Sementara itu, perusahaan asuransi menuduh penyedia layanan mengirimkan sejumlah besar klaim melalui IDR untuk mencoba dan mendapatkan penggantian yang lebih tinggi daripada nilai pasar wajar atas layanan mereka.
Survei AFHC juga menemukan bahwa 94% perusahaan asuransi menyerahkan jumlah pembayaran yang memenuhi syarat — metrik penting yang membantu menentukan berapa banyak yang akhirnya diterima penyedia asuransi — pada atau di bawah tarif Medicare.
Para penyedia berargumen bahwa ketergantungan IDR pada QPA, yang merupakan biaya rata-rata dalam jaringan untuk suatu layanan di wilayah geografis tertentu, cenderung memihak pada perusahaan asuransi, karena perusahaan asuransilah yang menetapkan tarif.
Seberapa besar pengaruh QPA dalam proses penyelesaian perselisihan telah menjadi pusat berbagai tuntutan hukum terhadap pemerintah.
Akibat gugatan hukum tersebut, regulator harus menghentikan dan memulai kembali proses penyelesaian sengketa beberapa kali selama dua tahun terakhir. Hal itu menyebabkan penumpukan klaim, yang menambah tekanan pada sistem IDR. Regulator mengatakan mereka menghadapi semakin banyaknya sengketa, setelah menerima lebih banyak permintaan arbitrase daripada yang diantisipasi.
Menurut AFHC, tindakan perusahaan asuransi memaksa penyedia asuransi untuk melakukan pembayaran premi. Namun, analisis tahunan kedua kelompok tersebut tentang No Surprises juga menemukan bahwa beberapa tindakan perusahaan asuransi menurun dibandingkan dengan tahun 2022, terutama terkait ancaman pemutusan hubungan kerja.
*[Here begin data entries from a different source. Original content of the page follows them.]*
(* Every regular tree language $L\subseteq T^\omega_\Sigma$ that is countable (contains only countably many trees) is unambiguous, i.e. it is accepted by a parity tree automaton $\mathcal{A}$ with $|ACC(\mathcal{A},t)|\le 1$ for every tree $t$.
   Context: $T^\omega_\Sigma$ is the set of functions $t:\{l,r\}^*\to\Sigma$ for a finite alphabet $\Sigma$. A parity tree automaton (PTA) $\mathcal{A}=(Q,\Sigma,Q_I,\delta,\mathbb{C})$ ($Q$ finite, $Q_I\subseteq Q$, $\delta\subseteq Q\times\Sigma\times Q\times Q$, $\mathbb{C}:Q\to\mathbb{N}$) has computations $\phi:\{l,r\}^*\to Q$ on $t$ with $\phi(\epsilon)\in Q_I$, $(\phi(v),t(v),\phi(vl),\phi(vr))\in\delta$ for all $v$, accepting if on every branch the largest color seen infinitely often is even; $ACC(\mathcal{A},t)$ is the set of accepting computations. A tree language is regular if it equals $\{t\mid ACC(\mathcal{A},t)\ne\emptyset\}$ for some PTA $\mathcal{A}$. *)

theory Defs
  imports Main "HOL-Library.Countable_Set"
begin

datatype dir = Lft | Rgt

type_synonym 'a tree = "dir list \<Rightarrow> 'a"

record 'a pta =
  states :: "nat set"
  initial :: "nat set"
  trans :: "(nat \<times> 'a \<times> nat \<times> nat) set"
  color :: "nat \<Rightarrow> nat"

definition wf_pta :: "'a pta \<Rightarrow> bool" where
  "wf_pta A \<longleftrightarrow> finite (states A) \<and> initial A \<subseteq> states A \<and>
     trans A \<subseteq> states A \<times> UNIV \<times> states A \<times> states A"

definition node :: "(nat \<Rightarrow> dir) \<Rightarrow> nat \<Rightarrow> dir list" where
  "node b n = map b [0..<n]"

definition computation :: "'a pta \<Rightarrow> 'a tree \<Rightarrow> (dir list \<Rightarrow> nat) \<Rightarrow> bool" where
  "computation A t \<phi> \<longleftrightarrow> \<phi> [] \<in> initial A \<and>
     (\<forall>v. (\<phi> v, t v, \<phi> (v @ [Lft]), \<phi> (v @ [Rgt])) \<in> trans A)"

definition accepting :: "'a pta \<Rightarrow> (dir list \<Rightarrow> nat) \<Rightarrow> bool" where
  "accepting A \<phi> \<longleftrightarrow> (\<forall>b :: nat \<Rightarrow> dir.
     even (Max {c. \<exists>\<^sub>\<infinity>n. color A (\<phi> (node b n)) = c}))"
lemma inc_Upair: "inc K (Upair a b) = (if a \<in> K then 1 else 0) + (if b \<in> K then 1 else 0)"
  unfolding inc_def by (cases "a = b") (auto simp: card_insert_if Int_insert_left)

lemma odd_inc_Upair: "odd (inc K (Upair a b)) \<longleftrightarrow> (a \<in> K \<longleftrightarrow> b \<notin> K)"
  by (simp add: inc_Upair)

lemma card_filter_eq_sum: "finite S \<Longrightarrow> card {e\<in>S. P e} = (\<Sum>e\<in>S. if P e then 1 else 0)"
  by (simp add: sum.If_cases Int_def conj_commute)

lemma inc_singleton: "inc {v} u = (if v \<in> set_uprod u then 1 else 0) + (if u = Upair v v then 1 else 0)"
  by (cases u) (auto simp: inc_Upair)

lemma degS_eq_sum_inc: "finite S \<Longrightarrow> degS H S v = (\<Sum>f\<in>S. inc {v} (ends H f))"
  by (simp add: degS_def inc_singleton card_filter_eq_sum sum.distrib)

lemma degS_pos:
  assumes "finite S" "f \<in> S" "v \<in> set_uprod (ends H f)"
  shows "degS H S v \<noteq> 0"
  using assms by (auto simp: degS_def card_eq_0_iff)

lemma sum_inc_singleton: "finite K \<Longrightarrow> (\<Sum>v\<in>K. inc {v} u) = inc K u"
  by (cases u) (simp add: inc_Upair sum.distrib)

lemma sum_degS_eq_sum_inc:
  assumes "finite S" "finite K"
  shows "(\<Sum>v\<in>K. degS H S v) = (\<Sum>f\<in>S. inc K (ends H f))"
  using assms by (simp add: degS_eq_sum_inc sum_inc_singleton flip: sum.swap[of _ K])

lemma even_card_crossing_edges:
  assumes "finite S" "finite K" "\<forall>v\<in>K. even (degS H S v)"
  shows "even (card {f\<in>S. odd (inc K (ends H f))})"
proof -
  have "even (\<Sum>v\<in>K. degS H S v)" using assms(3) by (intro dvd_sum) auto
  then show ?thesis by (simp add: sum_degS_eq_sum_inc[OF assms(1,2)] even_sum_iff[OF assms(1)])
qed

lemma even_cover_finite: "wf_graph H \<Longrightarrow> even_cover H S \<Longrightarrow> finite S"
  by (auto simp: wf_graph_def even_cover_def intro: finite_subset)

lemma even_cover_degS_even: "even_cover H S \<Longrightarrow> v \<in> verts H \<Longrightarrow> even (degS H S v)"
  by (auto simp: even_cover_def)

lemma even_cover_crossing_pair:
  assumes wf: "wf_graph H" and ec: "even_cover H S" and K: "K \<subseteq> verts H"
    and crossing: "\<And>f. f \<in> edges H \<Longrightarrow> odd (inc K (ends H f)) \<longleftrightarrow> f = e \<or> f = e'"
    and "e \<noteq> e'"
  shows "e \<in> S \<longleftrightarrow> e' \<in> S"
proof -
  have "S \<subseteq> edges H" using ec by (simp add: even_cover_def)
  then have "{f\<in>S. odd (inc K (ends H f))} = S \<inter> {e, e'}" using crossing by auto
  moreover have "finite K" using wf K by (auto simp: wf_graph_def intro: finite_subset)
  moreover have "\<forall>v\<in>K. even (degS H S v)" using K even_cover_degS_even[OF ec] by auto
  ultimately have "even (card (S \<inter> {e, e'}))"
    using even_card_crossing_edges[OF even_cover_finite[OF wf ec]] by metis
  then show ?thesis using \<open>e \<noteq> e'\<close> by (cases "e \<in> S"; cases "e' \<in> S") auto
qed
Pada tahun 2022, 100% penyedia mengatakan perusahaan asuransi mengancam akan mengakhiri kontrak mereka. Angka tersebut turun menjadi 53% tahun lalu, menurut temuan AFHC.
Kelompok tersebut mengaitkan penurunan tersebut dengan berkurangnya kontrak yang menguntungkan penyedia layanan yang bertahan dari pemangkasan pada tahun 2022. Negosiasi kontrak biasanya dilakukan secara tertutup, tetapi semakin banyak perselisihan antara pembayar dan penyedia layanan yang muncul ke publik, sebuah tren yang oleh penyedia layanan dikaitkan dengan perdebatan yang semakin sengit mengenai tarif yang wajar.
“Perusahaan asuransi telah menyebabkan begitu banyak kerusakan pada kontrak dan penggantian biaya dalam jaringan pada tahun 2022 sehingga tidak banyak hubungan dan tarif yang dapat mereka ganggu pada tahun 2023,” kata juru bicara kelompok tersebut. “Pemutusan kontrak hanyalah satu bagian dari cerita.”